## Task item
In the entries below, find every line with "positive" and copy it.

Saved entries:
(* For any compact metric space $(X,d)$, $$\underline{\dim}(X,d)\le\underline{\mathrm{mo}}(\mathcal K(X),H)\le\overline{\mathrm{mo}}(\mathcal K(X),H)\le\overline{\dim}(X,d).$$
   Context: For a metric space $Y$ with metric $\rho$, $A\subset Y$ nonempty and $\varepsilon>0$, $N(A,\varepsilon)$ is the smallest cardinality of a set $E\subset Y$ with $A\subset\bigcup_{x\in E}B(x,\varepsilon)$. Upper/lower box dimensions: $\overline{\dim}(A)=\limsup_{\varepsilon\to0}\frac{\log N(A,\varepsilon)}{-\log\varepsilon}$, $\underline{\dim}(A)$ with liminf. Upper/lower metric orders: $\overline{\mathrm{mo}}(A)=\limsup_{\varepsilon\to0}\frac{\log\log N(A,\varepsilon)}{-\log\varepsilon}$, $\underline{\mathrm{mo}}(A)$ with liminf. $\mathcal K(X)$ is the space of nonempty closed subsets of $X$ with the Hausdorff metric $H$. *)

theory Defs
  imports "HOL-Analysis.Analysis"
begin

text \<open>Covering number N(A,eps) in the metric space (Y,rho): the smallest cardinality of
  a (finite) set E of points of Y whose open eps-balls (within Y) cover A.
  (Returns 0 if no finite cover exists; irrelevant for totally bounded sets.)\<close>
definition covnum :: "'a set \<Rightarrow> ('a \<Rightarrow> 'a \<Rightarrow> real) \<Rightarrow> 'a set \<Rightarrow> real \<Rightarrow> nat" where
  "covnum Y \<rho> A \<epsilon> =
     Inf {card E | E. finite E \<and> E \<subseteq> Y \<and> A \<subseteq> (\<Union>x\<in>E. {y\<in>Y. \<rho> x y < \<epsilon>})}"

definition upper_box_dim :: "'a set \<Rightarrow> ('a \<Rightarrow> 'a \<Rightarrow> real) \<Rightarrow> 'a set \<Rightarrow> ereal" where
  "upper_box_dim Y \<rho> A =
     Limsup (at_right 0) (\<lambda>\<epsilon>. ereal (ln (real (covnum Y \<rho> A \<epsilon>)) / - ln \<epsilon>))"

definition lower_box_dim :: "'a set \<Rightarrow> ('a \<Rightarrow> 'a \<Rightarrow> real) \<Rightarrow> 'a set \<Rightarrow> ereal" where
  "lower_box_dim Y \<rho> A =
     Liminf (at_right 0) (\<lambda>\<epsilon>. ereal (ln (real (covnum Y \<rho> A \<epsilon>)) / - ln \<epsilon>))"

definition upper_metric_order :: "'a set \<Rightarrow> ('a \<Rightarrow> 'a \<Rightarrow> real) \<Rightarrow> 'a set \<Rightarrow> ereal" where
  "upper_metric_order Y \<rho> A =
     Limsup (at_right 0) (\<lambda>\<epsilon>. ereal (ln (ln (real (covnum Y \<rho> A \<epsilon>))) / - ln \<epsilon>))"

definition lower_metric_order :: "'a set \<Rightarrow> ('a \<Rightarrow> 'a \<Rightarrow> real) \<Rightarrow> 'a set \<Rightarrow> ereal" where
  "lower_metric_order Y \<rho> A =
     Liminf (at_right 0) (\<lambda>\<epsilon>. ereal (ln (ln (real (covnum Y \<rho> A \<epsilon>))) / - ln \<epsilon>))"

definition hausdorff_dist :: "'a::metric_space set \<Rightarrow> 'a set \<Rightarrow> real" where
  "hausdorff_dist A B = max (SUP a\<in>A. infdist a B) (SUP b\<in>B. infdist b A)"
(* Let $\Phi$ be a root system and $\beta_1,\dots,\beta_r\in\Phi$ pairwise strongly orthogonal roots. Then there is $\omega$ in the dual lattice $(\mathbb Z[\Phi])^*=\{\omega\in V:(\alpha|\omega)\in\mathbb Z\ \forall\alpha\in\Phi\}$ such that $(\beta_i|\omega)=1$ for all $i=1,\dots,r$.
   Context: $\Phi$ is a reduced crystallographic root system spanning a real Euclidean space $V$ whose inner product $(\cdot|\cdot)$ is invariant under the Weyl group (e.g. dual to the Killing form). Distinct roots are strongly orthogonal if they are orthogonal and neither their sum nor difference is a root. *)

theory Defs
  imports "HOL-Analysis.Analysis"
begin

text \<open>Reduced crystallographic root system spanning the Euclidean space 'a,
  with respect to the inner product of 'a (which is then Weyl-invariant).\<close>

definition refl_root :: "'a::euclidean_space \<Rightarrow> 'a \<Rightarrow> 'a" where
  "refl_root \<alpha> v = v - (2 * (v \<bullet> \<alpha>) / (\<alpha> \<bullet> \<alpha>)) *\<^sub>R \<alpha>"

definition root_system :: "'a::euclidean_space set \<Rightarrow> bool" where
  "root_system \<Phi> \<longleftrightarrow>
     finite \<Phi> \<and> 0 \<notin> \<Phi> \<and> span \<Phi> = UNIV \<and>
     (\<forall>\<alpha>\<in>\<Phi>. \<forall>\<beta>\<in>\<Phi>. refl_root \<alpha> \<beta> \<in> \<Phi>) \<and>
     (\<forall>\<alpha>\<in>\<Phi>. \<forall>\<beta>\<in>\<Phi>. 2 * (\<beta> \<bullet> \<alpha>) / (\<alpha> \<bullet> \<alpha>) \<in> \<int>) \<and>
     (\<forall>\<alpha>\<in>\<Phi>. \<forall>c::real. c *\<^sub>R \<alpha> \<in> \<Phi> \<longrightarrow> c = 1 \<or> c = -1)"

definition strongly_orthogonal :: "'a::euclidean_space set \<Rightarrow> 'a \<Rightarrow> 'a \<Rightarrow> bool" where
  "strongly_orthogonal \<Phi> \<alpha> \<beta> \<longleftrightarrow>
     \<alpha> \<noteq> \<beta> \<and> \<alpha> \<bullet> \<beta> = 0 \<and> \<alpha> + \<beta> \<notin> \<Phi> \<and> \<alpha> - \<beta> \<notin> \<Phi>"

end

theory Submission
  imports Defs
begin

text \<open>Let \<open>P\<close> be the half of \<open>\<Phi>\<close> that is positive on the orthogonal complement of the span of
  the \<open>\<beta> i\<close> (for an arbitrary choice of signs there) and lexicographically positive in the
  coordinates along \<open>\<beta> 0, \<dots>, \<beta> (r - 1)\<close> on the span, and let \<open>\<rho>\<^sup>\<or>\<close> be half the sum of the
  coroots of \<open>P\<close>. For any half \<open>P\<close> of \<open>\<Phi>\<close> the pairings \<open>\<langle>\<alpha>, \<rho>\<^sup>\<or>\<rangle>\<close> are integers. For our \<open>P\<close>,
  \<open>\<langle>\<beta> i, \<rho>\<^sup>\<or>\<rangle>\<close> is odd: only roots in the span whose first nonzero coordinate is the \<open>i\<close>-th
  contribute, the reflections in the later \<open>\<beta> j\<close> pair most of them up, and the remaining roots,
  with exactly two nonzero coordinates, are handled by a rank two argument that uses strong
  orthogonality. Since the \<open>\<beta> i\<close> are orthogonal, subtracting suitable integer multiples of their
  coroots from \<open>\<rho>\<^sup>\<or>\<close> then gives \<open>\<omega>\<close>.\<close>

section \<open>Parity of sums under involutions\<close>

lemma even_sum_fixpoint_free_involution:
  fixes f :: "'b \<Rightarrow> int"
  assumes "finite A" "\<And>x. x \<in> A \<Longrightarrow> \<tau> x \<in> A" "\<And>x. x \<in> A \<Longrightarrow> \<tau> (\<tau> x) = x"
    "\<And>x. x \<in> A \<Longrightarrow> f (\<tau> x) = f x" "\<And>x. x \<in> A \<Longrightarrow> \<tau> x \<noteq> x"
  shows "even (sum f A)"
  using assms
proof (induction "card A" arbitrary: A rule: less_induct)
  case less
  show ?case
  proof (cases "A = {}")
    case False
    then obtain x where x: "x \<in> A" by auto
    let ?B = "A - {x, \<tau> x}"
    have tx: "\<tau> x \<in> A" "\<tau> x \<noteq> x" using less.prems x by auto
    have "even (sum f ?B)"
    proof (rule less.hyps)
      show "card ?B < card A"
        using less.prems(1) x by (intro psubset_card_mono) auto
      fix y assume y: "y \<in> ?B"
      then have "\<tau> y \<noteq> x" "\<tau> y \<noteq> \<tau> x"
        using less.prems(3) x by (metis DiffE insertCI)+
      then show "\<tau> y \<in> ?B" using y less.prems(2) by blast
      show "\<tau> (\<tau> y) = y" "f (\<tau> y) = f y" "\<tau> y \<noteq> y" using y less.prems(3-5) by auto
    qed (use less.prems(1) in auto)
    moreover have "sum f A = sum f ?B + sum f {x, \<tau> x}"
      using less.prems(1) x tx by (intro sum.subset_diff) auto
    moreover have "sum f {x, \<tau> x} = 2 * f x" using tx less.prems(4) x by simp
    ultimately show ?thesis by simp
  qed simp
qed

--

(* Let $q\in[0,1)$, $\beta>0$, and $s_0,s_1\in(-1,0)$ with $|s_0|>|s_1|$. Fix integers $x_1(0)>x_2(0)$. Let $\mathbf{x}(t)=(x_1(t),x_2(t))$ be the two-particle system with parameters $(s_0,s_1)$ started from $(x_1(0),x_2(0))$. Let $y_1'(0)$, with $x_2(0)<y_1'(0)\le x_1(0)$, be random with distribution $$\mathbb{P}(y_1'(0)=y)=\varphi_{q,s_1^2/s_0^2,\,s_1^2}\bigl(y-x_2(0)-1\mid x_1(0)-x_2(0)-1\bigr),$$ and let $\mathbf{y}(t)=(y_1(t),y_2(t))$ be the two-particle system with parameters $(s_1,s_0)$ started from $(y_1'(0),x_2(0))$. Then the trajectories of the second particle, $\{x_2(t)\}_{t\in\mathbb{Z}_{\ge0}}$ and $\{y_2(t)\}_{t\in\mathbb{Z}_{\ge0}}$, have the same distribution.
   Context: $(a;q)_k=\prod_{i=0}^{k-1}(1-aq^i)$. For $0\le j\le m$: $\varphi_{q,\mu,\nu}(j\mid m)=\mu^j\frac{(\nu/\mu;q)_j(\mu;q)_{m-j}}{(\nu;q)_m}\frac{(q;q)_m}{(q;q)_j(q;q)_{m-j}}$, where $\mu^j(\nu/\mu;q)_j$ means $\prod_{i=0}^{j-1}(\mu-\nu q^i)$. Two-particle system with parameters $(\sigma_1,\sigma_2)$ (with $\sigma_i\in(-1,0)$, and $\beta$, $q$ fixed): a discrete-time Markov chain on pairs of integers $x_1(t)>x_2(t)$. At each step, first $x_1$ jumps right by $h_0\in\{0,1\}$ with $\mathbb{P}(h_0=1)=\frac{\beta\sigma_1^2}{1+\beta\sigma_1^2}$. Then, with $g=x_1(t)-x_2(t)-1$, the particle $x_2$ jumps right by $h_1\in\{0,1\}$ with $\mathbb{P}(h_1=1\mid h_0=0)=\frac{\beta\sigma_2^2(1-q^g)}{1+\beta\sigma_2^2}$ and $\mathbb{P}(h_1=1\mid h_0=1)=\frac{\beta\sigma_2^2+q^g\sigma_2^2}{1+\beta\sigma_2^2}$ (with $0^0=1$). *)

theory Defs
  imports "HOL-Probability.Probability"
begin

## Exercise output
text \<open>Let \<open>P\<close> be the half of \<open>\<Phi>\<close> that is positive on the orthogonal complement of the span of
  the \<open>\<beta> i\<close> (for an arbitrary choice of signs there) and lexicographically positive in the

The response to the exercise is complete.